PWS年次シンポジウムに世界各国から集まった参加者=2016年3月、愛知県犬山市
PWS年次シンポジウムに世界各国から集まった参加者=2016年3月、愛知県犬山市

「自由の精神」でフィールドワークに集中できるPWSは、履修希望者が多い。選考は2段階で、まずは京都大学大学院理学研究科生物科学専攻の大学院生になる必要がある。例外的に他の専攻も受け付けるが、京都大学の大学院生であることは必須だ。次の履修生選抜試験では、(1)プログラム履修の志望動機の作文、(2)英語によるポスター発表、(3)英語を母国語とする外国人教員による英語面接での語学力判定、(4)教員10人前後との面接による口頭試問、が評価対象となる。
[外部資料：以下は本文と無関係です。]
(* Let $f$ satisfy the standing assumption described in the context, let $\alpha,\beta>0$, $\epsilon'>0$, $0<\eta_x\le(9L_\Phi+18\alpha+28\beta)^{-1}$, and consider the sequence generated by Cubic-GDA. Let $T'=\min\{t\ge 1:\ \max(\|s_{t-1}\|,\|s_t\|)\le\epsilon'\}$ ($T'=\infty$ if no such $t$). Suppose that for all integers $0\le t\le T'-1$, $$\|\nabla\Phi(x_t)-\nabla_1 f(x_t,y_{t+1})\|\le \beta(\|s_t\|^2+\epsilon'^2),\qquad \|\nabla^2\Phi(x_t)-G(x_t,y_{t+1})\|\le \alpha(\|s_t\|+\epsilon').$$ If $T\ge \frac{\Phi(x_0)-\Phi^*+(L_\Phi+3\alpha+4\beta)\epsilon'^3}{(L_\Phi+\alpha+\beta)\epsilon'^3}$, then $T'\le \frac{\Phi(x_0)-\Phi^*+(L_\Phi+3\alpha+4\beta)\epsilon'^3}{(L_\Phi+\alpha+\beta)\epsilon'^3}\le T$, and $$\|\nabla\Phi(x_{T'})\|\le\Big(\frac{1}{2\eta_x}+L_\Phi+2\alpha+2\beta\Big)\epsilon'^2,\qquad \nabla^2\Phi(x_{T'})\succeq-\Big(\frac{1}{2\eta_x}+L_\Phi+2\alpha\Big)\epsilon' I.$$ The same conclusion holds for Stochastic Cubic-GDA (finite-sum setting described in the context) when the two error bounds hold with $\nabla_1 f(x_t,y_{t+1})$, $G(x_t,y_{t+1})$ replaced by $\widehat\nabla_1 f(x_t,y_{t+1})$, $\widehat G(x_t,y_{t+1})$.
   Context: Standing assumption: $f:\mathbb{R}^m\times\mathbb{R}^n\to\mathbb{R}$ is twice continuously differentiable; $\nabla f$ is $L_1$-Lipschitz; $y\mapsto f(x,y)$ is $\mu$-strongly concave for each $x$ ($\mu>0$); the Jacobian blocks $\nabla_{11}f,\nabla_{12}f,\nabla_{21}f,\nabla_{22}f$ are $L_2$-Lipschitz in $(x,y)$; $\Phi(x):=\max_y f(x,y)$ is bounded below with compact sub-level sets; $\Phi^*:=\min_x\Phi(x)$. Let $\kappa=L_1/\mu$, $L_\Phi=L_2(1+\kappa)^3$, $G(x,y)=\big[\nabla_{11} f - \nabla_{12} f (\nabla_{22} f)^{-1} \nabla_{21} f\big](x,y)$ ($\nabla_{12}f$ the Jacobian of $\nabla_1 f$ in $y$, $\nabla_{21}f$ that of $\nabla_2 f$ in $x$). Matrix norms are spectral. Cubic-GDA: given $x_0,y_0,\eta_x,\eta_y>0,\epsilon'>0$ and integers $N_t\ge0$; convention $\|s_0\|:=\epsilon'$. For $t=0,1,2,\dots$: $\widetilde y_0=y_t$, $\widetilde y_{k+1}=\widetilde y_k+\eta_y\nabla_2 f(x_t,\widetilde y_k)$ ($k<N_t$), $y_{t+1}=\widetilde y_{N_t}$; $s_{t+1}$ a global minimizer of $\nabla_1 f(x_t,y_{t+1})^\top s+\tfrac12 s^\top G(x_t,y_{t+1})s+\tfrac{1}{6\eta_x}\|s\|^3$; $x_{t+1}=x_t+s_{t+1}$. Stochastic Cubic-GDA: $f=\frac1N\sum_{i=1}^N f_i$, each $f_i$ twice continuously differentiable and $\mu$-strongly concave in $y$; same outer recursion except $y_{t+1}=\sum_{k=0}^{N_t-1}\frac{2k}{N_t(N_t-1)}\widetilde y_k$ with $\widetilde y_0=y_t$, $\widetilde y_{k+1}=\widetilde y_k+\frac{2}{\mu(k+1)}\nabla_2 f_{\xi_k}(x_t,\widetilde y_k)$ ($\xi_k$ a sampled index), and the cubic model uses minibatch estimators $\widehat\nabla_1 f=\frac1{|B_1|}\sum_{i\in B_1}\nabla_1 f_i$, $\widehat\nabla_{k\ell}f=\frac1{|B_{k\ell}|}\sum_{i\in B_{k\ell}}\nabla_{k\ell}f_i$, $\widehat G=\widehat\nabla_{11} f - \widehat\nabla_{12} f (\widehat\nabla_{22} f)^{-1} \widehat\nabla_{21} f$ at $(x_t,y_{t+1})$, for minibatches (multisets sampled with replacement) $B_1(t),B_{k\ell}(t)$. *)

theory Defs
  imports "HOL-Analysis.Analysis" "HOL-Library.Multiset" "HOL-Library.Extended_Nat"
begin

text \<open>The first-order partial gradients are
 g1 (= grad_1 f) and g2 (= grad_2 f); the Jacobian blocks are H11, H12 (Jacobian of g1 in y),
 H21 (Jacobian of g2 in x), H22.\<close>

definition C2_data ::
  "((real^'m) \<times> (real^'n) \<Rightarrow> real) \<Rightarrow>
   ((real^'m) \<times> (real^'n) \<Rightarrow> real^'m) \<Rightarrow> ((real^'m) \<times> (real^'n) \<Rightarrow> real^'n) \<Rightarrow>
   ((real^'m) \<times> (real^'n) \<Rightarrow> real^'m^'m) \<Rightarrow> ((real^'m) \<times> (real^'n) \<Rightarrow> real^'n^'m) \<Rightarrow>
   ((real^'m) \<times> (real^'n) \<Rightarrow> real^'m^'n) \<Rightarrow> ((real^'m) \<times> (real^'n) \<Rightarrow> real^'n^'n) \<Rightarrow> bool"
where
  "C2_data f g1 g2 H11 H12 H21 H22 \<longleftrightarrow>
     (\<forall>z. (f has_derivative (\<lambda>(h, k). g1 z \<bullet> h + g2 z \<bullet> k)) (at z)) \<and>
     (\<forall>z. ((\<lambda>w. (g1 w, g2 w)) has_derivative
            (\<lambda>(h, k). (H11 z *v h + H12 z *v k, H21 z *v h + H22 z *v k))) (at z)) \<and>
     continuous_on UNIV H11 \<and> continuous_on UNIV H12 \<and>
     continuous_on UNIV H21 \<and> continuous_on UNIV H22"

definition strongly_concave :: "real \<Rightarrow> ('a::real_normed_vector \<Rightarrow> real) \<Rightarrow> bool" where
  "strongly_concave \<mu> g \<longleftrightarrow>
     (\<forall>u v. \<forall>t\<in>{0..1}. t * g u + (1 - t) * g v + \<mu> / 2 * t * (1 - t) * (norm (u - v))^2
                          \<le> g (t *\<^sub>R u + (1 - t) *\<^sub>R v))"

definition mnorm :: "real^'a^'b \<Rightarrow> real" where
  "mnorm A = onorm (\<lambda>v. A *v v)"

definition Phi :: "((real^'m) \<times> (real^'n) \<Rightarrow> real) \<Rightarrow> real^'m \<Rightarrow> real" where
  "Phi f x = (SUP y. f (x, y))"

definition vgrad :: "(real^'m \<Rightarrow> real) \<Rightarrow> real^'m \<Rightarrow> real^'m" where
  "vgrad F x = (\<chi> i. frechet_derivative F (at x) (axis i 1))"

definition hess :: "(real^'m \<Rightarrow> real) \<Rightarrow> real^'m \<Rightarrow> real^'m^'m" where
  "hess F x = matrix (frechet_derivative (vgrad F) (at x))"

definition standing_assumption ::
  "((real^'m) \<times> (real^'n) \<Rightarrow> real) \<Rightarrow>
   ((real^'m) \<times> (real^'n) \<Rightarrow> real^'m) \<Rightarrow> ((real^'m) \<times> (real^'n) \<Rightarrow> real^'n) \<Rightarrow>
   ((real^'m) \<times> (real^'n) \<Rightarrow> real^'m^'m) \<Rightarrow> ((real^'m) \<times> (real^'n) \<Rightarrow> real^'n^'m) \<Rightarrow>
   ((real^'m) \<times> (real^'n) \<Rightarrow> real^'m^'n) \<Rightarrow> ((real^'m) \<times> (real^'n) \<Rightarrow> real^'n^'n) \<Rightarrow>
   real \<Rightarrow> real \<Rightarrow> real \<Rightarrow> bool"
where
  "standing_assumption f g1 g2 H11 H12 H21 H22 L1 L2 \<mu> \<longleftrightarrow>
     C2_data f g1 g2 H11 H12 H21 H22 \<and>
     (\<forall>z z'. norm ((g1 z, g2 z) - (g1 z', g2 z')) \<le> L1 * norm (z - z')) \<and>
     \<mu> > 0 \<and> (\<forall>x. strongly_concave \<mu> (\<lambda>y. f (x, y))) \<and>
     (\<forall>z z'. mnorm (H11 z - H11 z') \<le> L2 * norm (z - z')) \<and>
     (\<forall>z z'. mnorm (H12 z - H12 z') \<le> L2 * norm (z - z')) \<and>
     (\<forall>z z'. mnorm (H21 z - H21 z') \<le> L2 * norm (z - z')) \<and>
     (\<forall>z z'. mnorm (H22 z - H22 z') \<le> L2 * norm (z - z')) \<and>
     bdd_below (range (Phi f)) \<and> (\<forall>c. compact {x. Phi f x \<le> c})"

definition schurG :: "real^'m^'m \<Rightarrow> real^'n^'m \<Rightarrow> real^'m^'n \<Rightarrow> real^'n^'n \<Rightarrow> real^'m^'m" where
  "schurG A B C D = A - B ** matrix_inv D ** C"

definition cubic_model :: "real^'m \<Rightarrow> real^'m^'m \<Rightarrow> real \<Rightarrow> real^'m \<Rightarrow> real" where
  "cubic_model g H \<eta> s = g \<bullet> s + 1/2 * (s \<bullet> (H *v s)) + 1 / (6 * \<eta>) * norm s ^ 3"

definition is_cubic_min :: "real^'m \<Rightarrow> real^'m^'m \<Rightarrow> real \<Rightarrow> real^'m \<Rightarrow> bool" where
  "is_cubic_min g H \<eta> s \<longleftrightarrow> (\<forall>s'. cubic_model g H \<eta> s \<le> cubic_model g H \<eta> s')"

text \<open>Deterministic Cubic-GDA trajectory (x_t, y_t, s_t); s 0 is a dummy with norm eps'.\<close>
definition cubic_gda ::
  "((real^'m) \<times> (real^'n) \<Rightarrow> real^'m) \<Rightarrow> ((real^'m) \<times> (real^'n) \<Rightarrow> real^'n) \<Rightarrow>
   ((real^'m) \<times> (real^'n) \<Rightarrow> real^'m^'m) \<Rightarrow> ((real^'m) \<times> (real^'n) \<Rightarrow> real^'n^'m) \<Rightarrow>
   ((real^'m) \<times> (real^'n) \<Rightarrow> real^'m^'n) \<Rightarrow> ((real^'m) \<times> (real^'n) \<Rightarrow> real^'n^'n) \<Rightarrow>
   real \<Rightarrow> real \<Rightarrow> real \<Rightarrow> (nat \<Rightarrow> nat) \<Rightarrow>
   (nat \<Rightarrow> real^'m) \<Rightarrow> (nat \<Rightarrow> real^'n) \<Rightarrow> (nat \<Rightarrow> real^'m) \<Rightarrow> bool"
where
  "cubic_gda g1 g2 H11 H12 H21 H22 \<eta>x \<eta>y \<epsilon>' N x y s \<longleftrightarrow>
     norm (s 0) = \<epsilon>' \<and>
     (\<forall>t. y (Suc t) = ((\<lambda>w. w + \<eta>y *\<^sub>R g2 (x t, w)) ^^ N t) (y t) \<and>
          is_cubic_min (g1 (x t, y (Suc t)))
             (schurG (H11 (x t, y (Suc t))) (H12 (x t, y (Suc t)))
                     (H21 (x t, y (Suc t))) (H22 (x t, y (Suc t)))) \<eta>x (s (Suc t)) \<and>
          x (Suc t) = x t + s (Suc t))"

fun sgd_iter ::
  "(nat \<Rightarrow> (real^'m) \<times> (real^'n) \<Rightarrow> real^'n) \<Rightarrow> real \<Rightarrow> (nat \<Rightarrow> nat) \<Rightarrow> real^'m \<Rightarrow> real^'n \<Rightarrow> nat \<Rightarrow> real^'n"
where
  "sgd_iter G2 \<mu> \<xi> x y0 0 = y0"
| "sgd_iter G2 \<mu> \<xi> x y0 (Suc k) =
     sgd_iter G2 \<mu> \<xi> x y0 k + (2 / (\<mu> * real (Suc k))) *\<^sub>R G2 (\<xi> k) (x, sgd_iter G2 \<mu> \<xi> x y0 k)"

text \<open>Minibatch average over a multiset of indices (sampled with replacement).\<close>
definition mb_avg :: "nat multiset \<Rightarrow> (nat \<Rightarrow> 'a::real_vector) \<Rightarrow> 'a" where
  "mb_avg B F = (1 / real (size B)) *\<^sub>R (\<Sum>i\<in>#B. F i)"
通常の大学院カリキュラムに加えたPWSプログラムの履修で、フィールドワークの基礎をもった研究者の卵を育てようとしている。

実習・実践を必修とし、少人数制を貫いたのは、松沢自身の実体験に基づいたものだ。松沢は、少人数制の有効性を京大のユニークな学部教育である「ポケゼミ(1回生のみを対象にした少人数制セミナー)」で経験した。フィールドワークと少人数教育、そして早くから海外に目を向けることが、これからの教育現場で効果的かつ必要なことだと判断した。さらに、フィールドワークこそ基本との考えを支えるのが、京大山岳部で過ごした時間だった。